* **Given records**:
lemma mass_le_1: "length b \<le> n \<Longrightarrow> mass b \<le> 1"
  unfolding mass_def using node_hi_range node_lo_nonneg by force

lemma mass_Nil [simp]: "mass [] = 1"
  unfolding mass_def by simp

lemma mass_snoc_False: "mass (b @ [False]) = node_hi (b @ [False]) - node_lo b"
  unfolding mass_def by simp

lemma mass_snoc_True: "length b < n \<Longrightarrow> mass (b @ [True]) = node_hi b - node_hi (b @ [False])"
  unfolding mass_def by (simp add: node_hi_snoc_True)

lemma mass_snoc_add: "length b < n \<Longrightarrow> mass (b @ [False]) + mass (b @ [True]) = mass b"
  unfolding mass_snoc_False mass_snoc_True by (simp add: mass_def)

text \<open>Opt is only ever called with the interval \<open>(f0, f1] = (node_lo b, node_hi b]\<close> of its current
  node \<open>b\<close>.\<close>
definition opt_node :: "bool list \<Rightarrow> nat \<Rightarrow> bool list \<Rightarrow> (bool list \<times> bool list) option" where
  "opt_node b L u = opt n \<phi> F b L (node_lo b) (node_hi b) u"

definition loop_run :: "bool list \<Rightarrow> nat \<Rightarrow> bool list \<Rightarrow> (bool list \<times> bool list) option" where
  "loop_run b L u = Option.bind (opt_loop (mass (b @ [False])) (mass (b @ [True])) L u)
     (\<lambda>(x, L', r). opt_node (b @ [x]) L' r)"

lemma opt_gen_Some_iff: "opt_gen n \<phi> F u = Some s \<longleftrightarrow> opt_node [] 0 u = Some (s, [])"
  unfolding opt_gen_def opt_node_def by (auto split: option.splits list.splits prod.splits)

lemma opt_node_leaf: "length b = n \<Longrightarrow> opt_node b L u = Some (\<phi> b, u)"
  unfolding opt_node_def by (subst opt.simps) simp

text \<open>In the third case \<open>b @ [bdig (mass (b @ [True])) L]\<close> is the child whose mass has
  digit \<open>1\<close> at level \<open>L\<close>.\<close>
lemma opt_node_step:
  assumes "length b < n"
  shows "opt_node b L u =
    (if mass (b @ [True]) = 0 then opt_node (b @ [False]) L u
     else if mass (b @ [False]) = 0 then opt_node (b @ [True]) L u
     else if 0 < L \<and> bdig (mass (b @ [False])) L \<noteq> bdig (mass (b @ [True])) L
       then opt_node (b @ [bdig (mass (b @ [True])) L]) L u
     else loop_run b L u)"
proof -
  have split: "split_val n \<phi> F b = node_hi (b @ [False])"
    using assms unfolding split_val_def node_hi_def by simp
  have cont: "(\<lambda>r. if fst r then opt n \<phi> F (b @ [True]) (fst (snd r)) (node_hi (b @ [False])) (node_hi b) (snd (snd r))
                 else opt n \<phi> F (b @ [False]) (fst (snd r)) (node_lo b) (node_hi (b @ [False])) (snd (snd r)))
      = (\<lambda>(x, L', r). opt_node (b @ [x]) L' r)"
    using assms by (auto simp: opt_node_def node_hi_snoc_True)
  show ?thesis
    unfolding opt_node_def[of b] opt.simps[of n \<phi> F b] split cont
      loop_run_def mass_snoc_False mass_snoc_True[OF assms]
    using assms by (auto simp: opt_node_def node_hi_snoc_True)
qed

lemma loop_run_Nil [simp]: "loop_run b L [] = None"
  unfolding loop_run_def by (simp add: opt_loop.simps)

lemma loop_run_Cons:
  "loop_run b L (x # w) =
     (if bdig (mass (b @ [x])) (Suc L) then opt_node (b @ [x]) (Suc L) w else loop_run b (Suc L) w)"
  unfolding loop_run_def by (subst opt_loop.simps) (cases x; simp)

lemma opt_node_append:
  assumes "length b \<le> n" "opt_node b L u = Some (s, r)"
  shows "opt_node b L (u @ t) = Some (s, r @ t) \<and> s \<in> strs n"
  using assms
proof (induction "n - length b" arbitrary: b L u r)
  case 0
  then show ?case
    using opt_node_leaf phi_strs by (auto simp: strs_def)
next
  case (Suc k)
  then have b: "length b < n"
    by simp
  have IH: "opt_node (b @ [x]) L' (v @ t) = Some (s, r' @ t) \<and> s \<in> strs n"
    if "opt_node (b @ [x]) L' v = Some (s, r')" for x L' v r'
    using Suc.hyps(1)[of "b @ [x]" L' v r'] Suc.hyps(2) b that by simp
  have loop: "loop_run b L' (v @ t) = Some (s, r' @ t) \<and> s \<in> strs n"
    if "loop_run b L' v = Some (s, r')" for L' v r'
    using that
  proof (induction v arbitrary: L')
    case (Cons x v)
    then show ?case
      using IH by (simp add: loop_run_Cons split: if_splits)
  qed simp
  from Suc.prems(2) show ?case
    unfolding opt_node_step[OF b] by (auto split: if_splits dest: IH loop)
qed

definition npaths :: "bool list \<Rightarrow> nat \<Rightarrow> bool list \<Rightarrow> nat \<Rightarrow> nat" where
  "npaths b L c j = card {w. length w = j \<and> opt_node b L w = Some (\<phi> c, [])}"

definition loop_npaths :: "bool list \<Rightarrow> nat \<Rightarrow> bool list \<Rightarrow> nat \<Rightarrow> nat" where
  "loop_npaths b L c j = card {w. length w = j \<and> loop_run b L w = Some (\<phi> c, [])}"

lemma npaths_leaf:
  assumes "length b = n" "c \<in> strs n"
  shows "npaths b L c j = of_bool (j = 0 \<and> b = c)"
proof -
  have "\<phi> b = \<phi> c \<longleftrightarrow> b = c"
    using assms bij by (auto simp: strs_def bij_betw_def inj_on_def)
  then have "{w. length w = j \<and> opt_node b L w = Some (\<phi> c, [])} = (if j = 0 \<and> b = c then {[]} else {})"
    using opt_node_leaf[OF assms(1)] by auto
  then show ?thesis
    unfolding npaths_def by simp
qed

lemma npaths_step:
  assumes "length b < n"
  shows "npaths b L c j =
    (if mass (b @ [True]) = 0 then npaths (b @ [False]) L c j
     else if mass (b @ [False]) = 0 then npaths (b @ [True]) L c j
     else if 0 < L \<and> bdig (mass (b @ [False])) L \<noteq> bdig (mass (b @ [True])) L
       then npaths (b @ [bdig (mass (b @ [True])) L]) L c j
     else loop_npaths b L c j)"
  unfolding npaths_def[of b] loop_npaths_def opt_node_step[OF assms]
  by (simp add: npaths_def)

lemma loop_npaths_0: "loop_npaths b L c 0 = 0"
  unfolding loop_npaths_def by simp

lemma loop_npaths_Suc:
  "loop_npaths b L c (Suc j) =
     (if bdig (mass (b @ [False])) (Suc L) then npaths (b @ [False]) (Suc L) c j else loop_npaths b (Suc L) c j)
     + (if bdig (mass (b @ [True])) (Suc L) then npaths (b @ [True]) (Suc L) c j else loop_npaths b (Suc L) c j)"
  unfolding loop_npaths_def[of b L] card_lists_length_Suc loop_run_Cons
  by (simp add: npaths_def loop_npaths_def)

text \<open>The Knuth--Yao tree of the output distribution contains node \<open>b\<close> once at each level
  \<open>L\<close> where \<open>mass b\<close> has a binary digit \<open>1\<close>; the procedure enters \<open>b\<close> at exactly these
  levels. So \<open>entry_paths b c k\<close> counts the paths of length \<open>k\<close> through \<open>b\<close> ending in \<open>\<phi> c\<close>.\<close>
definition entry_paths :: "bool list \<Rightarrow> bool list \<Rightarrow> nat \<Rightarrow> nat" where
  "entry_paths b c k = (\<Sum>L\<le>k. if bdig (mass b) L then npaths b L c (k - L) else 0)"

lemma entry_paths_leaf:
  assumes "length b = n" "c \<in> strs n"
  shows "entry_paths b c k = of_bool (b = c \<and> bdig (mass c) k)"
proof -
  have "entry_paths b c k = (\<Sum>L\<le>k. if L = k then of_bool (b = c \<and> bdig (mass b) k) else 0)"
    unfolding entry_paths_def npaths_leaf[OF assms] by (intro sum.cong) auto
  then show ?thesis
    by auto
qed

* **Exercise details**:
Would you please copy every line in the data that contains the word "digit"?

* **Final answer**:
  digit \<open>1\<close> at level \<open>L\<close>.\<close>
  \<open>L\<close> where \<open>mass b\<close> has a binary digit \<open>1\<close>; the procedure enters \<open>b\<close> at exactly these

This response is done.